EUA Cogenex intends to vigorously prosecute its claims against the
contractors and surety and defend itself against any cross-complaints.
EUA Cogenex cannot predict the ultimate resolution of this matter. As
a result of EUA Cogenex's decision to discontinue cogeneration
operations effective as of July 1, 1995, EUA Cogenex has recorded a
reserve for its total investment in this project which is included in
the one-time after-tax charge to earnings of approximately $10.5
million. (See Management's Discussion and Analysis of Financial
Condition and Results of Operations under Discontinuation of
Cogeneration Operations).
On December 13, 1994, the United States District Court for the
District of Massachusetts (District Court) issued a judgment against
Blackstone, finding Blackstone liable to the Commonwealth of
Massachusetts (Commonwealth) for the full amount of response costs
incurred by the Commonwealth in the cleanup of 5,000 cubic yards of
soil mixed with oxide box waste, a by-product of manufactured gas at a
site at Mendon Road in Attleboro, Massachusetts. The judgment also
found Blackstone liable for interest and litigation expenses
calculated to the date of judgment.
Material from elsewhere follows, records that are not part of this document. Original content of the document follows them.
section \<open>The mode of the binomial distribution\<close>

lemma pmf_binomial_Suc_ratio:
  assumes "0 \<le> p" "p \<le> 1" "j < N"
  shows "real (Suc j) * (1 - p) * pmf (binomial_pmf N p) (Suc j) = real (N - j) * p * pmf (binomial_pmf N p) j"
proof -
  have "real (Suc j) * (1 - p) * pmf (binomial_pmf N p) (Suc j)
      = real (Suc j * (N choose Suc j)) * p ^ Suc j * (1 - p) ^ Suc (N - Suc j)"
    using assms(1,2) by (simp add: algebra_simps)
  also have "\<dots> = real ((N - j) * (N choose j)) * p ^ Suc j * (1 - p) ^ (N - j)"
    using assms(3) binomial_absorb_comp[of N j] binomial_absorption[of j N]
    by (simp only: Suc_diff_Suc)
  also have "\<dots> = real (N - j) * p * pmf (binomial_pmf N p) j"
    using assms(1,2) by (simp only: pmf_binomial of_nat_mult power_Suc mult_ac)
  finally show ?thesis .
qed

lemma binomial_pmf_unimodal:
  fixes m N j :: nat
  assumes "m < N"
  shows "j < m \<Longrightarrow> pmf (binomial_pmf N (m / N)) j \<le> pmf (binomial_pmf N (m / N)) (Suc j)"
    and "m \<le> j \<Longrightarrow> j < N \<Longrightarrow> pmf (binomial_pmf N (m / N)) (Suc j) \<le> pmf (binomial_pmf N (m / N)) j"
proof -
  define p :: real where "p = m / N"
  define t where "t = pmf (binomial_pmf N p)"
  have p: "0 \<le> p" "p < 1" "p * N = m"
    unfolding p_def using assms by auto
  note ratio = pmf_binomial_Suc_ratio[where N = N, OF p(1) less_imp_le[OF p(2)], folded t_def]
  show "t j \<le> t (Suc j)" if "j < m"
  proof -
    have "real (Suc j) * (1 - p) * t j \<le> real (N - j) * p * t j"
      using that assms p unfolding t_def
      by (intro mult_right_mono) (auto simp: of_nat_diff algebra_simps)
    also have "\<dots> = real (Suc j) * (1 - p) * t (Suc j)"
      using ratio[of j] that assms by simp
    finally show ?thesis by (rule mult_left_le_imp_le) (use p in simp)
  qed
  show "t (Suc j) \<le> t j" if "m \<le> j" "j < N"
  proof -
    have "real (N - j) * p * t j \<le> real (Suc j) * (1 - p) * t j"
      using that p unfolding t_def
      by (intro mult_right_mono) (auto simp: of_nat_diff algebra_simps)
    with ratio[OF that(2)] have "real (Suc j) * (1 - p) * t (Suc j) \<le> real (Suc j) * (1 - p) * t j"
      by simp
    then show ?thesis by (rule mult_left_le_imp_le) (use p in simp)
  qed
qed

lemma binomial_pmf_le_mode:
  assumes "0 < N" "m \<le> N"
  shows "pmf (binomial_pmf N (m / N)) j \<le> pmf (binomial_pmf N (m / N)) m"
proof (cases "m = N")
  case True
  then have "pmf (binomial_pmf N (m / N)) m = 1" using assms(1) by simp
  then show ?thesis using pmf_le_1 by metis
next
  case False
  then have "m < N" using assms(2) by simp
  define t where "t = pmf (binomial_pmf N (m / N))"
  note up = binomial_pmf_unimodal(1)[OF \<open>m < N\<close>, folded t_def]
    and down = binomial_pmf_unimodal(2)[OF \<open>m < N\<close>, folded t_def]
  consider "j \<le> m" | "m \<le> j" "j \<le> N" | "N < j" by linarith
  then have "t j \<le> t m"
  proof cases
    case 1
    then show ?thesis by (induction rule: dec_induct) (use up order_trans in auto)
  next
    case 2
    then show ?thesis by (induction rule: dec_induct) (auto intro: order_trans[OF down])
  next
    case 3
    then show ?thesis using \<open>m < N\<close> unfolding t_def by (simp add: binomial_eq_0)
  qed
  then show ?thesis unfolding t_def .
qed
The total liability at December
31, 1994 was approximately $5.9 million, including approximately $3.6
million in interest which has accumulated since 1985.
Due to the uncertainty of the ultimate outcome of this proceeding and
anticipated recoverability, Blackstone recorded the $5.9 million
December 13, 1994 District Court judgment as a deferred debit and this
amount is included with Other Assets at December 31, 1994 and
September 30, 1995.
Blackstone filed a Notice of Appeal of the court's judgment and filed
its brief with the United States Court of Appeals for the First
Circuit (First Circuit) on February 24, 1995. On October 6, 1995 the
First Circuit vacated the District Court's judgment and ordered the
District Court to refer the matter to the EPA to determine whether a
chemical in the oxide box waste is a hazardous substance.
On January 20, 1995, Blackstone entered into an escrow agreement with
the Commonwealth whereby Blackstone deposited $5.9 million with an
escrow agent who transferred the funds into an interest bearing money
market account. The distribution of the proceeds of the escrow
account will be determined upon the final resolution of the judgment.
No additional interest expense will accrue on the judgment amount.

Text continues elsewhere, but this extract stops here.